Hey, I'm 20 here. Defintitely a FA


----------



## Jon Blaze

skinnygrl said:


> Hey, I'm 20 here. Defintitely a FA



What's up son? ^_^


----------



## Allie Cat

Jon Blaze said:


> What's up son? ^_^



With a name like 'skinnygrl' I'd suspect that your 'son' is actually a girl 

=Divals


----------



## Jon Blaze

Divals said:


> With a name like 'skinnygrl' I'd suspect that your 'son' is actually a girl
> 
> =Divals



I was being random: DUHHHHHHHHHHHHH!!!!!!


----------



## ahtnamas

22 here.. Mentally however, it has yet to be decided


----------



## pinuptami

21 here darling!


----------



## Franklyn

I'm 27... but 22 at heart - lol


----------



## UberAris

Franklyn said:


> I'm 27... but 22 at heart - lol



LoL rock on man


----------



## love dubh

Franklyn said:


> I'm 27... but 22 at heart - lol



Oh haaaaaaai. You come here offen?


----------



## distanceFA

20...so close to alcohol....


----------



## Caine

The Thread is officially legal now!!! Get it some booze!!!


----------



## Catkin

Mwahahah some of us are already legal at 18! Hooray for UK drinking laws!!


----------



## ebonyprincess

Franklyn said:


> I'm 27... but 22 at heart - lol





Whoa how lucky are you to live in Japan, ive always wanted to go but i don't think it will be very ssbbw friendly LOL


----------



## MsGreenLantern

Well, I'm gonna guess, since this thread has been around so long, that I already posted. Anyway! Here i go again! I'm 23 now. Dunno if that is still "young" but I like to think of myself as such!  Makes me wish I had me an FA to enjoy the youthfulness with! 

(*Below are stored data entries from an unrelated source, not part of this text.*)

(* Let $B\in\mathbb{R}^{n\times n}$ be symmetric, partitioned into $p\times p$ blocks $B_{st}\in\mathbb{R}^{n_s\times n_t}$, and let $\hat B$ be its strictly block upper triangular part ($\hat B_{st}=B_{st}$ if $s<t$, $0$ otherwise). If $\lambda_{\max}(B)>0$, then for every $\beta\in(0,\frac1{\rho(B)})$ there is at least one nonzero eigenvalue $\lambda$ of $\beta(I_n+\beta\hat B)^{-1}B$ such that $$\frac1\lambda\in\Xi(\beta,B)=\left\{a+bi:\ a,b\in\mathbb{R},\ a\ge\frac12+\frac{1-\beta\rho(B)}{\beta\rho(B)}\right\}.$$
   Context: $n_1,\dots,n_p$ are positive integers with $\sum_sn_s=n$; $\rho(B)$ denotes the spectral radius of $B$ and $\lambda_{\max}(B)$ its largest eigenvalue. *)

theory Defs
  imports "Jordan_Normal_Form.Spectral_Radius"
begin

text \<open>Block index of row/column i for a partition with block sizes ns = [n_1,...,n_p]
  (0-based): the unique s with n_1+...+n_s \<le> i < n_1+...+n_(s+1).\<close>
definition block_idx :: "nat list \<Rightarrow> nat \<Rightarrow> nat" where
  "block_idx ns i = (LEAST s. i < sum_list (take (Suc s) ns))"

definition strict_block_upper :: "nat list \<Rightarrow> 'a::zero mat \<Rightarrow> 'a mat" where
  "strict_block_upper ns B = mat (dim_row B) (dim_col B)
     (\<lambda>(i,j). if block_idx ns i < block_idx ns j then B $$ (i,j) else 0)"

text \<open>Matrix inverse of a square matrix (meaningful when it is invertible).\<close>
definition inv_mat :: "'a::field mat \<Rightarrow> 'a mat" where
  "inv_mat A = (SOME X. X \<in> carrier_mat (dim_row A) (dim_row A) \<and>
                 A * X = 1\<^sub>m (dim_row A) \<and> X * A = 1\<^sub>m (dim_row A))"

definition lambda_max :: "real mat \<Rightarrow> real" where
  "lambda_max B = Max {x. eigenvalue B x}"

definition rho :: "real mat \<Rightarrow> real" where
  "rho B = spectral_radius (map_mat complex_of_real B)"

end

theory Submission
  imports Defs
begin

text \<open>Write \<open>K = I + \<beta> U\<close> with \<open>U\<close> the strictly block upper part and \<open>D\<close> the block
  diagonal part of \<open>B\<close>. The Hermitian part of \<open>K\<close> is \<open>I + \<beta> (B - D) / 2\<close>; since both
  \<open>|y\<^sup>*By|\<close> and \<open>y\<^sup>*Dy\<close> are at most \<open>\<rho>(B) |y|\<^sup>2\<close> and \<open>\<beta> \<rho>(B) < 1\<close>, it is positive
  definite. Eigenvalues of \<open>\<beta> K\<^sup>-\<^sup>1 B\<close> are the eigenvalues \<open>\<mu>\<close> of the pencil
  \<open>\<beta> B y = \<mu> K y\<close>. As \<open>\<lambda>\<^sub>m\<^sub>a\<^sub>x(B) > 0\<close>, the form \<open>y\<^sup>*By\<close> takes a positive value, and an
  inertia argument (induction on the dimension, deflating one eigenvector of the pencil by a
  congruence) produces an eigenvalue \<open>\<mu>\<close> with \<open>Re \<mu> > 0\<close>. For its eigenvector \<open>y\<close> we have
  \<open>\<mu> y\<^sup>*Ky = \<beta> y\<^sup>*By\<close>, so \<open>Re (1/\<mu>) = (|y|\<^sup>2 + \<beta> (y\<^sup>*By - y\<^sup>*Dy)/2) / (\<beta> y\<^sup>*By)\<close>, and the
  two bounds give the estimate.\<close>

section \<open>Matrices as functions on indices\<close>

text \<open>A \<open>k \<times> k\<close> matrix is a function \<open>nat \<Rightarrow> nat \<Rightarrow> complex\<close> and a vector a function
  \<open>nat \<Rightarrow> complex\<close>, of which only the values at indices below \<open>k\<close> matter. This keeps the
  deletion and insertion of indices in the deflation argument elementary; matrices of type
  \<open>mat\<close> enter only through \<open>entries\<close>.\<close>

definition matvec :: "nat \<Rightarrow> (nat \<Rightarrow> nat \<Rightarrow> complex) \<Rightarrow> (nat \<Rightarrow> complex) \<Rightarrow> nat \<Rightarrow> complex" where
  "matvec k A y i = (\<Sum>j<k. A i j * y j)"

definition qform :: "nat \<Rightarrow> (nat \<Rightarrow> nat \<Rightarrow> complex) \<Rightarrow> (nat \<Rightarrow> complex) \<Rightarrow> complex" where
  "qform k A y = (\<Sum>i<k. \<Sum>j<k. cnj (y i) * A i j * y j)"

definition sqnorm :: "nat \<Rightarrow> (nat \<Rightarrow> complex) \<Rightarrow> real" where
  "sqnorm k y = (\<Sum>i<k. (cmod (y i))\<^sup>2)"

definition nonzero_vec :: "nat \<Rightarrow> (nat \<Rightarrow> complex) \<Rightarrow> bool" where
  "nonzero_vec k y \<longleftrightarrow> (\<exists>i<k. y i \<noteq> 0)"

definition hermitian_fun :: "nat \<Rightarrow> (nat \<Rightarrow> nat \<Rightarrow> complex) \<Rightarrow> bool" where
  "hermitian_fun k A \<longleftrightarrow> (\<forall>i<k. \<forall>j<k. A i j = cnj (A j i))"

lemma hermitian_fun_cnj:
  "hermitian_fun k A \<longleftrightarrow> (\<forall>i<k. \<forall>j<k. cnj (A j i) = A i j)"
  unfolding hermitian_fun_def by (metis complex_cnj_cnj)

definition strictly_accretive :: "nat \<Rightarrow> (nat \<Rightarrow> nat \<Rightarrow> complex) \<Rightarrow> bool" where
  "strictly_accretive k A \<longleftrightarrow> (\<forall>y. nonzero_vec k y \<longrightarrow> 0 < Re (qform k A y))"

definition id_fun :: "nat \<Rightarrow> nat \<Rightarrow> complex" where
  "id_fun i j = (if i = j then 1 else 0)"

definition entries :: "complex mat \<Rightarrow> nat \<Rightarrow> nat \<Rightarrow> complex" where
  "entries M i j = M $$ (i, j)"

lemma qform_eq_sum_matvec: "qform k A y = (\<Sum>i<k. cnj (y i) * matvec k A y i)"
  unfolding qform_def matvec_def by (simp add: sum_distrib_left mult.assoc)

lemma matvec_cong:
  assumes "\<And>j. j < k \<Longrightarrow> A i j = A' i j" and "\<And>j. j < k \<Longrightarrow> y j = y' j"
  shows "matvec k A y i = matvec k A' y' i"
  unfolding matvec_def using assms by (intro sum.cong) auto

lemma qform_cong:
  assumes "\<And>i j. i < k \<Longrightarrow> j < k \<Longrightarrow> A i j = A' i j" and "\<And>i. i < k \<Longrightarrow> y i = y' i"
  shows "qform k A y = qform k A' y'"
  unfolding qform_def using assms by (intro sum.cong) auto

lemma qform_add: "qform k (\<lambda>i j. A i j + A' i j) y = qform k A y + qform k A' y"
  unfolding qform_def by (simp add: algebra_simps sum.distrib)

lemma qform_diff: "qform k (\<lambda>i j. A i j - A' i j) y = qform k A y - qform k A' y"
  unfolding qform_def by (simp add: algebra_simps sum_subtractf)

lemma qform_scale: "qform k (\<lambda>i j. c * A i j) y = c * qform k A y"
  unfolding qform_def by (simp add: sum_distrib_left mult_ac)

lemma matvec_diff: "matvec k (\<lambda>i j. A i j - A' i j) y i = matvec k A y i - matvec k A' y i"
  unfolding matvec_def by (simp add: algebra_simps sum_subtractf)

lemma matvec_scale: "matvec k (\<lambda>i j. c * A i j) y i = c * matvec k A y i"
  unfolding matvec_def by (simp add: sum_distrib_left mult_ac)

lemma matvec_id_fun:
  assumes "i < k"
  shows "matvec k id_fun y i = y i"
proof -
  have "matvec k id_fun y i = (\<Sum>j<k. if i = j then y j else 0)"
    unfolding matvec_def id_fun_def by (intro sum.cong) auto
  with assms show ?thesis by simp
qed

lemma qform_id_fun: "qform k id_fun y = complex_of_real (sqnorm k y)"
proof -
  have "qform k id_fun y = (\<Sum>i<k. cnj (y i) * y i)"
    unfolding qform_eq_sum_matvec by (intro sum.cong) (simp_all add: matvec_id_fun)
  also have "\<dots> = complex_of_real (sqnorm k y)"
    unfolding sqnorm_def of_real_sum by (intro sum.cong refl) (metis complex_norm_square mult.commute)
  finally show ?thesis .
qed

lemma sqnorm_pos:
  assumes "nonzero_vec k y"
  shows "0 < sqnorm k y"
proof -
  obtain i where "i < k" "y i \<noteq> 0" using assms unfolding nonzero_vec_def by blast
  then have "0 < (cmod (y i))\<^sup>2" and "(cmod (y i))\<^sup>2 \<le> sqnorm k y"
    unfolding sqnorm_def by (auto intro: member_le_sum)
  then show ?thesis by linarith
qed

lemma strictly_accretive_id_fun: "strictly_accretive k id_fun"
  unfolding strictly_accretive_def qform_id_fun by (simp add: sqnorm_pos)

lemma cnj_qform: "cnj (qform k A y) = qform k (\<lambda>i j. cnj (A j i)) y"
proof -
  have "cnj (qform k A y) = (\<Sum>i<k. \<Sum>j<k. y i * cnj (A i j) * cnj (y j))"
    unfolding qform_def by (simp add: mult.assoc)
  also have "\<dots> = (\<Sum>j<k. \<Sum>i<k. y i * cnj (A i j) * cnj (y j))" by (rule sum.swap)
  also have "\<dots> = qform k (\<lambda>i j. cnj (A j i)) y" unfolding qform_def by (simp add: mult_ac)
  finally show ?thesis .
qed

lemma hermitian_qform_real:
  assumes "hermitian_fun k A"
  shows "qform k A y = complex_of_real (Re (qform k A y))"
proof -
  have "cnj (qform k A y) = qform k A y"
    using assms unfolding cnj_qform hermitian_fun_cnj by (intro qform_cong) simp_all
  then show ?thesis by (simp add: complex_eq_iff)
qed

lemma strictly_accretive_matvec_nonzero:
  assumes "strictly_accretive k A" and "nonzero_vec k y"
  shows "\<exists>i<k. matvec k A y i \<noteq> 0"
proof (rule ccontr)
  assume "\<not> ?thesis"
  then have "qform k A y = 0" unfolding qform_eq_sum_matvec by simp
  with assms show False unfolding strictly_accretive_def by fastforce
qed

On an unrelated note, I went to the Doc today and found that I am creeping dangerously to 300, quite unexpectedly. Hurrah young-ness-ish!


----------



## TheNowhereMan

im about 20 and my sweet lady love is only a few months behind me


----------



## Tychondarova

I am 19, and have been sailing the vast seas of the Internet being an FA since I was 14. FA at birth.

-Ty


----------



## Littleghost

25 and going on my 15th mid-life crisis.:blink:


----------



## TheNowhereMan

Littleghost said:


> 25 and going on my 15th mid-life crisis.:blink:



amen >_> >_>


----------



## Accept

UMBROBOYUM said:


> Shh! lol all we have to do is talk wow talk and play mtg and argue about the mechanics of starwars the original.... it'll work right? plus some table top Btech or DnD might reel them in?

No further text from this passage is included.